*** RECORDS FOR THE EXERCISE Section Begins ***

text \<open>
  For a sequence (x_k, y_k, xs_k, lam_k) as in the definition of asymptotic regularity, put
  t_k = |x_k - xb| and let m_k = t_k^(gamma - 1) |lam_k| be the size of the rescaled multiplier.
  Then |y_k - yb| / t_k^gamma = |ystar_k| / m_k for ystar_k = (|y_k - yb| / t_k) lam_k -> ystar,
  and y_k - yb and lam_k point asymptotically in a common unit direction w.  Along a subsequence, m_k tends to
  infinity, to 0, or to some beta > 0.  If m_k -> infinity, dividing the normals by m_k puts w
  into the kernel of the pseudo-coderivative at (u, 0), which is impossible for a unit vector.
  If m_k -> 0, xstar lies in Gfrerer's pseudo-coderivative at (u, 0) evaluated at 0.
  If m_k -> beta, xstar lies in the pseudo-coderivative at (u, alpha w) evaluated at beta w,
  where alpha = |ystar| / beta.  In the last two cases condition A^gamma(u) places xstar in the
  image of the limiting coderivative.
\<close>

lemma rnormal_scaleR:
  assumes "z \<in> rnormal S p" and "c \<ge> 0"
  shows "c *\<^sub>R z \<in> rnormal S p"
  unfolding rnormal_def
proof (intro CollectI conjI allI impI)
  have p: "p \<in> S"
    and z: "\<forall>e>0. \<exists>d>0. \<forall>z'\<in>S. norm (z' - p) < d \<longrightarrow> inner z (z' - p) \<le> e * norm (z' - p)"
    using assms(1) unfolding rnormal_def by blast+
  show "p \<in> S" by (fact p)
  fix e :: real
  assume "e > 0"
  then have "e / (c + 1) > 0" using assms(2) by simp
  with z obtain d where "d > 0"
    and d: "\<forall>z'\<in>S. norm (z' - p) < d \<longrightarrow> inner z (z' - p) \<le> e / (c + 1) * norm (z' - p)"
    by blast
  have "inner (c *\<^sub>R z) (z' - p) \<le> e * norm (z' - p)" if "z' \<in> S" "norm (z' - p) < d" for z'
  proof -
    have "inner (c *\<^sub>R z) (z' - p) = c * inner z (z' - p)" by simp
    also have "\<dots> \<le> c * (e / (c + 1) * norm (z' - p))"
      using d that assms(2) by (intro mult_left_mono) auto
    also have "\<dots> \<le> e * norm (z' - p)"
      using \<open>e > 0\<close> assms(2) by (simp add: field_simps)
    finally show ?thesis .
  qed
  with \<open>d > 0\<close> show "\<exists>d>0. \<forall>z'\<in>S. norm (z' - p) < d \<longrightarrow> inner (c *\<^sub>R z) (z' - p) \<le> e * norm (z' - p)"
    by blast
qed

lemma scaleR_norm_sgn: "norm z *\<^sub>R sgn z = (z::'a::real_normed_vector)"
  by (cases "z = 0") (simp_all add: sgn_div_norm)

lemma inverse_norm_scaleR_eq_sgn: "(1 / norm z) *\<^sub>R z = sgn (z::'a::real_normed_vector)"
  by (simp add: sgn_div_norm divide_inverse_commute)

lemma pcoderiv_memI:
  fixes Phi :: "'a::real_inner \<Rightarrow> 'b::real_inner set"
  assumes x_ne: "\<And>k. x k \<noteq> xb" and x_lim: "x \<longlonglongrightarrow> xb"
    and x_dir: "(\<lambda>k. sgn (x k - xb)) \<longlonglongrightarrow> u"
    and y_rate: "(\<lambda>k. (1 / norm (x k - xb) powr gamma) *\<^sub>R (y k - yb)) \<longlonglongrightarrow> v"
    and xs_lim: "xs \<longlonglongrightarrow> xstar"
    and lam_rate: "(\<lambda>k. norm (x k - xb) powr (gamma - 1) *\<^sub>R lam k) \<longlonglongrightarrow> ystar"
    and normal: "\<And>k. (xs k, - lam k) \<in> rnormal (gph Phi) (x k, y k)"
  shows "xstar \<in> pcoderiv gamma Phi xb yb u v ystar"
proof -
  define t where "t k = norm (x k - xb)" for k
  have t_pos: "t k > 0" for k
    using x_ne unfolding t_def by simp
  have t_lim: "t \<longlonglongrightarrow> 0"
    using x_lim unfolding t_def by (simp add: LIM_zero tendsto_norm_zero)
  have normal_rescaled: "(xs k, - ((1 / (t k * norm (sgn (x k - xb))) powr (gamma - 1)) *\<^sub>R
           (t k powr (gamma - 1) *\<^sub>R lam k)))
        \<in> rnormal (gph Phi) (xb + t k *\<^sub>R sgn (x k - xb),
             yb + ((t k * norm (sgn (x k - xb))) powr gamma) *\<^sub>R ((1 / t k powr gamma) *\<^sub>R (y k - yb)))"
    for k
    using normal[of k] t_pos[of k] x_ne[of k] unfolding t_def by (simp add: norm_sgn scaleR_norm_sgn)
  show ?thesis
    unfolding pcoderiv_def mem_Collect_eq
    by (rule exI[of _ "\<lambda>k. sgn (x k - xb)"], rule exI[of _ "\<lambda>k. (1 / t k powr gamma) *\<^sub>R (y k - yb)"],
        rule exI[of _ t], rule exI[of _ xs], rule exI[of _ "\<lambda>k. t k powr (gamma - 1) *\<^sub>R lam k"])
      (use x_dir y_rate xs_lim lam_rate t_pos t_lim normal_rescaled in \<open>unfold t_def, blast\<close>)
qed

lemma gpcoderiv_memI:
  fixes Phi :: "'a::real_inner \<Rightarrow> 'b::real_inner set"
  assumes x_ne: "\<And>k. x k \<noteq> xb" and x_lim: "x \<longlonglongrightarrow> xb"
    and x_dir: "(\<lambda>k. sgn (x k - xb)) \<longlonglongrightarrow> u"
    and y_rate: "(\<lambda>k. (1 / norm (x k - xb)) *\<^sub>R (y k - yb)) \<longlonglongrightarrow> v"
    and xs_lim: "xs \<longlonglongrightarrow> xstar"
    and lam_rate: "(\<lambda>k. norm (x k - xb) powr (gamma - 1) *\<^sub>R lam k) \<longlonglongrightarrow> ystar"
    and normal: "\<And>k. (xs k, - lam k) \<in> rnormal (gph Phi) (x k, y k)"
  shows "xstar \<in> gpcoderiv gamma Phi xb yb u v ystar"
proof -
  define t where "t k = norm (x k - xb)" for k
  have t_pos: "t k > 0" for k
    using x_ne unfolding t_def by simp
  have t_lim: "t \<longlonglongrightarrow> 0"
    using x_lim unfolding t_def by (simp add: LIM_zero tendsto_norm_zero)
  have normal_rescaled: "(xs k, - ((1 / (t k * norm (sgn (x k - xb))) powr (gamma - 1)) *\<^sub>R
           (t k powr (gamma - 1) *\<^sub>R lam k)))
        \<in> rnormal (gph Phi) (xb + t k *\<^sub>R sgn (x k - xb), yb + t k *\<^sub>R ((1 / t k) *\<^sub>R (y k - yb)))"
    for k
    using normal[of k] t_pos[of k] x_ne[of k] unfolding t_def by (simp add: norm_sgn scaleR_norm_sgn)
  show ?thesis
    unfolding gpcoderiv_def mem_Collect_eq
    by (rule exI[of _ "\<lambda>k. sgn (x k - xb)"], rule exI[of _ "\<lambda>k. (1 / t k) *\<^sub>R (y k - yb)"],
        rule exI[of _ t], rule exI[of _ xs], rule exI[of _ "\<lambda>k. t k powr (gamma - 1) *\<^sub>R lam k"])
      (use x_dir y_rate xs_lim lam_rate t_pos t_lim normal_rescaled in \<open>unfold t_def, blast\<close>)
qed

lemma compact_subseq_nonneg_at_top_or_convergent:
  fixes b :: "nat \<Rightarrow> real" and w :: "nat \<Rightarrow> 'a::metric_space"
  assumes "compact K" and "\<And>k. w k \<in> K" and "\<And>k. b k \<ge> 0"
  obtains r w0 where "strict_mono r" and "w0 \<in> K" and "(w \<circ> r) \<longlonglongrightarrow> w0"
    and "filterlim (b \<circ> r) at_top sequentially \<or> (\<exists>beta\<ge>0. (b \<circ> r) \<longlonglongrightarrow> beta)"
proof -
  \<comment> \<open>\<open>b \<mapsto> 1 / (1 + b)\<close> maps \<open>[0, \<infinity>]\<close> onto the compact interval \<open>[0, 1]\<close>.\<close>
  define d where "d k = 1 / (1 + b k)" for k
  have d_pos: "d k > 0" and b_eq: "b k = 1 / d k - 1" for k
    using assms(3)[of k] unfolding d_def by (simp_all add: add_pos_nonneg)
  have "\<forall>k. (d k, w k) \<in> {0..1} \<times> K"
    using assms(2,3) d_pos unfolding d_def by simp
  then obtain p r where p: "p \<in> {0..1} \<times> K" and r: "strict_mono r"
    and lim: "((\<lambda>k. (d k, w k)) \<circ> r) \<longlonglongrightarrow> p"
    by (rule seq_compactE[OF compact_imp_seq_compact[OF compact_Times[OF compact_Icc assms(1)]]])
  have d_lim: "(d \<circ> r) \<longlonglongrightarrow> fst p" and w_lim: "(w \<circ> r) \<longlonglongrightarrow> snd p"
    using tendsto_fst[OF lim] tendsto_snd[OF lim] by (simp_all add: o_def)
  have b_cases: "filterlim (b \<circ> r) at_top sequentially \<or> (\<exists>beta\<ge>0. (b \<circ> r) \<longlonglongrightarrow> beta)"
  proof (cases "fst p = 0")
    case True
    have "filterlim (\<lambda>k. inverse (d (r k))) at_top sequentially"
      using d_lim d_pos True by (intro filterlim_inverse_at_top) (simp_all add: o_def)
    then have "filterlim (\<lambda>k. - 1 + inverse (d (r k))) at_top sequentially"
      by (rule filterlim_tendsto_add_at_top[OF tendsto_const])
    then show ?thesis
      unfolding b_eq o_def by (simp add: divide_inverse)
  next
    case False
    with p have "fst p > 0" "fst p \<le> 1" by auto
    have "(b \<circ> r) \<longlonglongrightarrow> 1 / fst p - 1"
      unfolding b_eq o_def using d_lim False by (auto intro!: tendsto_intros simp: o_def)
    moreover have "1 / fst p - 1 \<ge> 0"
      using \<open>fst p > 0\<close> \<open>fst p \<le> 1\<close> by simp
    ultimately show ?thesis by blast
  qed
  show ?thesis
    by (rule that[OF r _ w_lim b_cases]) (use p in auto)
qed

locale asym_sequence =
  fixes Phi :: "'a::real_inner \<Rightarrow> 'b::real_inner set"
    and xb :: 'a and yb :: 'b and u :: 'a
    and x :: "nat \<Rightarrow> 'a" and y :: "nat \<Rightarrow> 'b" and xs :: "nat \<Rightarrow> 'a" and lam :: "nat \<Rightarrow> 'b"
    and xstar :: 'a and ystar :: 'b
  assumes x_ne: "x k \<noteq> xb" and y_ne: "y k \<noteq> yb"
    and normal: "(xs k, - lam k) \<in> rnormal (gph Phi) (x k, y k)"
    and x_lim: "x \<longlonglongrightarrow> xb" and xs_lim: "xs \<longlonglongrightarrow> xstar"
    and x_dir: "(\<lambda>k. sgn (x k - xb)) \<longlonglongrightarrow> u"
    and y_rate: "(\<lambda>k. (1 / norm (x k - xb)) *\<^sub>R (y k - yb)) \<longlonglongrightarrow> 0"
    and ystar_lim: "(\<lambda>k. (norm (y k - yb) / norm (x k - xb)) *\<^sub>R lam k) \<longlonglongrightarrow> ystar"
    and sgn_align: "(\<lambda>k. sgn (y k - yb) - sgn (lam k)) \<longlonglongrightarrow> 0"
begin
lemma coeff_l1_pCons_0: "coeff_l1 (pCons 0 P) = coeff_l1 P"
proof -
  have "coeff_l1 (pCons 0 P) = (\<Sum>i\<le>Suc (degree P). \<bar>coeff (pCons 0 P) i\<bar>)"
    by (rule coeff_l1_eq_sum[OF degree_pCons_le])
  also have "\<dots> = coeff_l1 P"
    by (subst sum.atMost_Suc_shift) (simp add: coeff_l1_def)
  finally show ?thesis .
qed

lemma coeff_l1_linear_mult: "coeff_l1 ([:-y, 1:] * P) \<le> (1 + \<bar>y\<bar>) * coeff_l1 P"
proof -
  have "[:-y, 1:] * P = smult (-y) P + pCons 0 P"
    by (simp add: mult_pCons_left one_pCons[symmetric] del: one_pCons)
  then have "coeff_l1 ([:-y, 1:] * P) \<le> coeff_l1 (smult (-y) P) + coeff_l1 (pCons 0 P)"
    by (metis coeff_l1_add)
  also have "\<dots> = \<bar>y\<bar> * coeff_l1 P + coeff_l1 P"
    by (simp only: coeff_l1_smult coeff_l1_pCons_0 abs_minus_cancel)
  finally show ?thesis by (simp add: algebra_simps)
qed

lemma coeff_l1_node_poly:
  "finite T \<Longrightarrow> T \<subseteq> {-1..1} \<Longrightarrow> coeff_l1 (node_poly T) \<le> 2 ^ card T"
proof (induction T rule: finite_induct)
  case empty
  then show ?case by (simp add: node_poly_def coeff_l1_def)
next
  case (insert y T)
  have "coeff_l1 (node_poly (insert y T)) \<le> (1 + \<bar>y\<bar>) * coeff_l1 (node_poly T)"
    using insert coeff_l1_linear_mult by (simp add: node_poly_def)
  also have "\<dots> \<le> 2 * 2 ^ card T"
    using insert by (intro mult_mono) (auto simp: coeff_l1_nonneg)
  finally show ?case using insert by simp
qed

definition pairing :: "('a::comm_ring_1 \<Rightarrow> 'a) \<Rightarrow> 'a set \<Rightarrow> 'a poly \<Rightarrow> 'a" where
  "pairing D A P = (\<Sum>x\<in>A. poly P x * D x)"
(* Let $(G,\lambda)$ and $(G',\lambda')$ be finite abelian $2$-groups with nonsingular symmetric linking pairings and $k\ge1$. If the layer forms $b_k$ of both are alternating, then the layer form $b_k$ of the orthogonal sum $(G\oplus G',\lambda\oplus\lambda')$ is alternating and $u_k(G\oplus G',\lambda\oplus\lambda')\equiv u_k(G,\lambda)+u_k(G',\lambda')\pmod 8$.
   Context: $G_k=\{x\in G:2^kx=0\}$, $P_k(G)=G_k/(G_{k-1}+2G_{k+1})$ with $\mathbb F_2$-form $b_k(\bar x,\bar y)=2^k\lambda(x,y)\bmod 2$. When $b_k$ is alternating, $q_k:H_k(G)=G/G_k\to\mathbb Q/\mathbb Z$, $q_k(\bar x)=2^{k-1}\lambda(x,x)$, is well defined, $\gamma_k=|H_k(G)|^{-1/2}\sum_{\bar x\in H_k(G)}\exp(2\pi iq_k(\bar x))$ is an eighth root of unity, and $u_k\in\mathbb Z/8$ is defined by $\gamma_k=\exp(\pi i u_k/4)$. *)

theory Defs
  imports "HOL-Analysis.Analysis" "HOL-Library.Product_Plus"
begin

text \<open>Finite abelian groups are modelled as finite types of class ab_group_add
(the group is the whole type).  Values in Q/Z are represented by rationals
taken modulo the integers.\<close>

definition nmul :: "nat \<Rightarrow> 'a::ab_group_add \<Rightarrow> 'a" where
  "nmul n x = (\<Sum>i<n. x)"

definition two_group :: "'a::{finite,ab_group_add} itself \<Rightarrow> bool" where
  "two_group _ \<longleftrightarrow> (\<forall>x::'a. \<exists>n. nmul (2^n) x = 0)"

definition linking_pairing :: "('a::{finite,ab_group_add} \<Rightarrow> 'a \<Rightarrow> rat) \<Rightarrow> bool" where
  "linking_pairing lam \<longleftrightarrow>
     (\<forall>x y z. lam (x + y) z - lam x z - lam y z \<in> \<int>) \<and>
     (\<forall>x y z. lam x (y + z) - lam x y - lam x z \<in> \<int>) \<and>
     (\<forall>x y. lam x y - lam y x \<in> \<int>) \<and>
     (\<forall>x. (\<forall>y. lam x y \<in> \<int>) \<longrightarrow> x = 0)"

definition orth_sum ::
  "('a \<Rightarrow> 'a \<Rightarrow> rat) \<Rightarrow> ('b \<Rightarrow> 'b \<Rightarrow> rat) \<Rightarrow> ('a \<times> 'b) \<Rightarrow> ('a \<times> 'b) \<Rightarrow> rat" where
  "orth_sum lam lam' = (\<lambda>(x, x') (y, y'). lam x y + lam' x' y')"

definition Gk :: "nat \<Rightarrow> 'a::ab_group_add set" where
  "Gk k = {x. nmul (2^k) x = 0}"

text \<open>The layer quotient P_k(G) = G_k / (G_{k-1} + 2 G_{k+1}) as a set of cosets.\<close>
definition Pk :: "nat \<Rightarrow> 'a::ab_group_add set set" where
  "Pk k = (\<lambda>x. (\<lambda>y. x + y) ` {a + nmul 2 b | a b. a \<in> Gk (k - 1) \<and> b \<in> Gk (k + 1)}) ` Gk k"

text \<open>b_k(x,y) = 2^k lam(x,y) mod 2, computed on representatives in G_k (value in {0,1}).\<close>
definition bk :: "('a \<Rightarrow> 'a \<Rightarrow> rat) \<Rightarrow> nat \<Rightarrow> 'a \<Rightarrow> 'a \<Rightarrow> rat" where
  "bk lam k x y = (2^k * lam x y) - 2 * of_int \<lfloor>(2^k * lam x y) / 2\<rfloor>"

definition bk_alternating :: "('a::ab_group_add \<Rightarrow> 'a \<Rightarrow> rat) \<Rightarrow> nat \<Rightarrow> bool" where
  "bk_alternating lam k \<longleftrightarrow> (\<forall>X\<in>Pk k. \<forall>x\<in>X. bk lam k x x = 0)"

definition Hk :: "nat \<Rightarrow> 'a::ab_group_add set set" where
  "Hk k = range (\<lambda>x. (\<lambda>y. x + y) ` Gk k)"

definition qk :: "('a \<Rightarrow> 'a \<Rightarrow> rat) \<Rightarrow> nat \<Rightarrow> 'a set \<Rightarrow> rat" where
  "qk lam k X = (let x = (SOME x. x \<in> X) in 2^(k-1) * lam x x)"

definition gammak :: "('a::{finite,ab_group_add} \<Rightarrow> 'a \<Rightarrow> rat) \<Rightarrow> nat \<Rightarrow> complex" where
  "gammak lam k = complex_of_real (1 / sqrt (real (card (Hk k :: 'a set set)))) *
     (\<Sum>X\<in>Hk k. exp (2 * pi * \<i> * complex_of_real (real_of_rat (qk lam k X))))"

definition uk :: "('a::{finite,ab_group_add} \<Rightarrow> 'a \<Rightarrow> rat) \<Rightarrow> nat \<Rightarrow> int" where
  "uk lam k = (SOME u. u \<in> {0..7} \<and> gammak lam k = exp (pi * \<i> * of_int u / 4))"

end

theory Submission
  imports Defs
begin

text \<open>The function \<open>q x = 2\<^sup>k\<^sup>-\<^sup>1 \<lambda>(x, x)\<close> is a quadratic refinement, modulo \<open>\<int>\<close>, of
  the symmetric form \<open>b x y = 2\<^sup>k \<lambda>(x, y)\<close>; its radical is \<open>G\<^sub>k\<close>, and \<open>b\<^sub>k\<close> is
  alternating exactly when \<open>q\<close> vanishes on \<open>G\<^sub>k\<close>. Summing over the cosets of \<open>G\<^sub>k\<close> gives
  \<open>\<gamma>\<^sub>k = S / sqrt (|G| |G\<^sub>k|)\<close> for the Gauss sum \<open>S = \<Sum>\<^sub>x e(q x)\<close>.

  For a finite 2-group \<open>L\<close> on whose radical \<open>q\<close> vanishes, \<open>S(L)\<close> is an eighth root of unity
  times \<open>sqrt (|L| |rad L|)\<close>, by induction on \<open>|L|\<close>. If \<open>L\<close> is not its own radical, some
  element outside the radical has order 2 or 4 modulo it. An isotropic one of order 2 can be
  discarded: its orthogonal complement has the same Gauss sum and a radical twice as large.
  Otherwise such elements span orthogonal summands of rank one or two, which split off with Gauss
  sums \<open>1 \<plusminus> i\<close>, \<open>2 e(q y)\<close> or \<open>-2\<close>. Gauss sums multiply under orthogonal sums, hence so does
  \<open>\<gamma>\<^sub>k\<close>, and the exponents \<open>u\<^sub>k\<close> of eighth roots of unity add modulo 8.\<close>

section \<open>Rational numbers modulo the integers\<close>

definition e2pi :: "rat \<Rightarrow> complex" where
  "e2pi t = exp (2 * pi * \<i> * complex_of_real (real_of_rat t))"

lemma e2pi_add: "e2pi (s + t) = e2pi s * e2pi t"
  unfolding e2pi_def by (simp add: of_rat_add distrib_left exp_add)

lemma e2pi_eq_cis: "e2pi t = cis (2 * pi * real_of_rat t)"
  unfolding e2pi_def cis_conv_exp by (simp add: mult_ac)

lemma e2pi_Ints: "t \<in> \<int> \<Longrightarrow> e2pi t = 1"
  unfolding e2pi_eq_cis by (auto elim!: Ints_cases)

lemma e2pi_half: "e2pi (1/2) = -1"
  unfolding e2pi_def by (simp add: of_rat_divide)

lemma e2pi_quarter: "e2pi (1/4) = \<i>"
  unfolding e2pi_eq_cis by (simp add: of_rat_divide complex_eq_iff)

lemma e2pi_three_quarters: "e2pi (3/4) = -\<i>"
  using e2pi_add[of "1/2" "1/4"] by (simp add: e2pi_half e2pi_quarter)

lemma e2pi_power: "e2pi t ^ n = e2pi (of_nat n * t)"
  by (induction n) (simp_all add: e2pi_Ints e2pi_add[symmetric] algebra_simps)

definition cong_Ints :: "rat \<Rightarrow> rat \<Rightarrow> bool" (infix "\<doteq>" 50) where
  "a \<doteq> b \<longleftrightarrow> a - b \<in> \<int>"

lemma cong_Ints_refl [simp]: "a \<doteq> a"
  by (simp add: cong_Ints_def)

lemma cong_Ints_sym: "a \<doteq> b \<Longrightarrow> b \<doteq> a"
  unfolding cong_Ints_def using Ints_minus[of "a - b"] by simp

lemma cong_Ints_trans [trans]: "a \<doteq> b \<Longrightarrow> b \<doteq> c \<Longrightarrow> a \<doteq> c"
  unfolding cong_Ints_def using Ints_add[of "a - b" "b - c"] by simp

lemma cong_Ints_add: "a \<doteq> a' \<Longrightarrow> b \<doteq> b' \<Longrightarrow> a + b \<doteq> a' + b'"
  unfolding cong_Ints_def using Ints_add[of "a - a'" "b - b'"] by (simp add: add_diff_add)

lemma cong_Ints_minus: "a \<doteq> a' \<Longrightarrow> - a \<doteq> - a'"
  unfolding cong_Ints_def using Ints_minus[of "a - a'"] by simp

lemma cong_Ints_diff: "a \<doteq> a' \<Longrightarrow> b \<doteq> b' \<Longrightarrow> a - b \<doteq> a' - b'"
  using cong_Ints_add[of a a' "- b" "- b'"] cong_Ints_minus by simp

lemma cong_Ints_mult: "c \<in> \<int> \<Longrightarrow> a \<doteq> a' \<Longrightarrow> c * a \<doteq> c * a'"
  unfolding cong_Ints_def using Ints_mult[of c "a - a'"] by (simp add: right_diff_distrib)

*** RECORDS FOR THE EXERCISE Section Ends ***

For each line of the data that includes the word "integers", return a copy of it.

taken modulo the integers.\<close>
section \<open>Rational numbers modulo the integers\<close>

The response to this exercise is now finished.